The limits of the model are also visible. Banking infrastructure remains the principal operational constraint. Rustam Khabibullin has publicly identified transaction commissions of approximately 30 percent as a substantial barrier to Russia–Afghanistan commercial settlement and has proposed that Russia develop an international payments system modelled on hawala for transactions with member states of the Organisation of Islamic Cooperation. Nur Ahmad Agha, the chairman of Da Afghanistan Bank, is expected to attend the first congress of OIC national bank representatives at KazanForum 2026, which has been identified as the venue for this discussion. Without a payments architecture that can absorb Afghan transactions at scale, the trade volumes reported will remain concentrated in a narrow band of fuel, grain, and equipment.
CONCLUSIONS:
Tatarstan's Afghan engagement is neither a humanitarian gesture nor a purely commercial venture. It is the operational layer of Russian policy in a region where the confessional and communal dimensions of the relationship carry weight that standard diplomatic instruments cannot supply.
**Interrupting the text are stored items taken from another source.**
(* Consider the $n$-order direct filter, for $i=1,\dots,m$, \[ \begin{cases} x_{i}^{(n-1)} = -\sum_{k=1}^{n-1}\gamma_{ik}x_{i}^{(n-k-1)}+\gamma_{in}(b_{i}-\hat{b}_{i}),\\ \dot{\hat{b}}_{i} = -S(\omega_{m}-\hat{\eta})b_{i}+x_{i},\\ \dot{\hat{\eta}} = \Gamma_{d}\sum_{i=1}^{m}S(b_{i})\upsilon_{i}, \end{cases} \qquad \upsilon_{i}=B_{di}^{T}P_{di}z_{i}, \] under the assumptions that at least two of the measured vectors $b_i$ are non-collinear, and that the gyro bias $\eta$ is bounded and constant ($\dot\eta=0$) and the measured angular velocity $\omega_m(\cdot)$ (hence $\omega(\cdot)$) is bounded. Then the errors $\tilde{b}_{i}=b_{i}-\hat{b}_{i}$, $i=1,\dots,m$, and $\tilde{\eta}=\eta-\hat{\eta}$ converge globally asymptotically to zero.
   Context: A rigid body has attitude $R\in SO(3)$ with $\dot R=RS(\omega)$, where $\omega$ is the body angular velocity and $S(x)$ is the skew-symmetric matrix with $S(x)y=x\times y$. Given constant inertial vectors $r_i$, $i=1,\dots,m$, the body-frame measurements are $b_i=R^Tr_i$, so $\dot b_i=-S(\omega)b_i$. The rate gyro measures $\omega_m=\omega+\eta$ with unknown bias $\eta$, giving $\dot b_i=-S(\omega_m-\eta)b_i$, $\dot\eta=0$. For each $i$, $\Upsilon_i=(\gamma_{i1},\dots,\gamma_{in})\in\mathbb{R}^n$ is chosen so that the polynomial $s^n+\sum_{k=1}^n\gamma_{ik}s^{n-k}$ is Hurwitz; $x_i^{(j)}$ denotes the $j$-th time derivative of $x_i\in\mathbb{R}^3$. Set $z_i=[x_i^T,\dot x_i^T,\dots,x_i^{(n-1)T}]^T\in\mathbb{R}^{3n}$, $A_{di}=A_{\Upsilon_i}\otimes I_3$ where $A_{\Upsilon_i}$ is the $n\times n$ companion matrix (ones on the superdiagonal, last row $(-\gamma_{in},-\gamma_{i,n-1},\dots,-\gamma_{i1})$), $B_{di}=\gamma_{in}e_n\otimes I_3$ with $e_n=(0,\dots,0,1)^T$, and $P_{di}$ the symmetric positive definite solution of $A_{di}^TP_{di}+P_{di}A_{di}=-Q_{di}$ for a given symmetric positive definite $Q_{di}$. $\Gamma_d$ is a positive definite diagonal gain matrix. *)

theory Defs
  imports "HOL-Analysis.Analysis" "HOL-Analysis.Cross3"
begin

definition skew :: "real^3 \<Rightarrow> real^3^3" where
  "skew x = matrix (\<lambda>y. cross3 x y)"

definition hurwitz_coeffs :: "nat \<Rightarrow> (nat \<Rightarrow> real) \<Rightarrow> bool" where
  "hurwitz_coeffs n g \<longleftrightarrow>
     (\<forall>s::complex. s ^ n + (\<Sum>k=1..n. complex_of_real (g k) * s ^ (n - k)) = 0 \<longrightarrow> Re s < 0)"

text \<open>Companion matrix A_Upsilon (n x n, 0-based indices j,l < n): ones on the
  superdiagonal, last row (-g n, -g (n-1), ..., -g 1).\<close>
definition companion :: "nat \<Rightarrow> (nat \<Rightarrow> real) \<Rightarrow> nat \<Rightarrow> nat \<Rightarrow> real" where
  "companion n g j l = (if j + 1 < n then (if l = j + 1 then 1 else 0) else - g (n - l))"

text \<open>A 3n x 3n (resp. 3n x 3) real matrix is represented by its 3 x 3 blocks,
  indexed by block indices j,l < n.  A_d = A_Upsilon (Kronecker) I_3.\<close>
definition Ad :: "nat \<Rightarrow> (nat \<Rightarrow> real) \<Rightarrow> nat \<Rightarrow> nat \<Rightarrow> real^3^3" where
  "Ad n g j l = companion n g j l *\<^sub>R mat 1"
Russia's formal recognition of the Taliban government in April 2025 regularized the legal environment without displacing the Tatarstani channel, because the republic's combination of Islamic identity, a diaspora community in northern Afghanistan, an institutional platform in KazanForum, and a productive industrial base constitutes an instrument that no federal subject of Russia could replicate.
The trilateral corridor agreement prepared for May 2026 and the parallel track through Surkhandarya indicate that the model is scaling from bilateral commerce toward regional transit infrastructure. Whether Tatarstan's engagement consolidates into a durable Russian presence in Afghanistan will depend on the resolution of payment-system constraints and on whether Moscow formalizes the paradiplomatic arrangement through a trade representation in Kabul.
The broader significance lies in what the case illustrates: in the northward reorientation of Afghanistan that began with the closure of the Pakistani corridor, external powers are not only competing through state-level instruments but through the subnational channels that carry confessional, communal, and industrial advantages.
AUTHOR’S BIO:
Eldaniz Gusseinov is Head of Research and сo-founder at the political foresight agency Nightingale Int. and a non-resident research fellow at Haydar Aliyev Center for Eurasian Studies of the Ibn Haldun University, Istanbul. Rassul Kospanov is a Senior Researcher at the National Analytical Center under Nazarbayev University, where he coordinates socio-political research projects and prepares analytical reports and policy recommendations for central and local government bodies. His work focuses on political processes in Kazakhstan and across Central Asia, as well as issues of regional cooperation.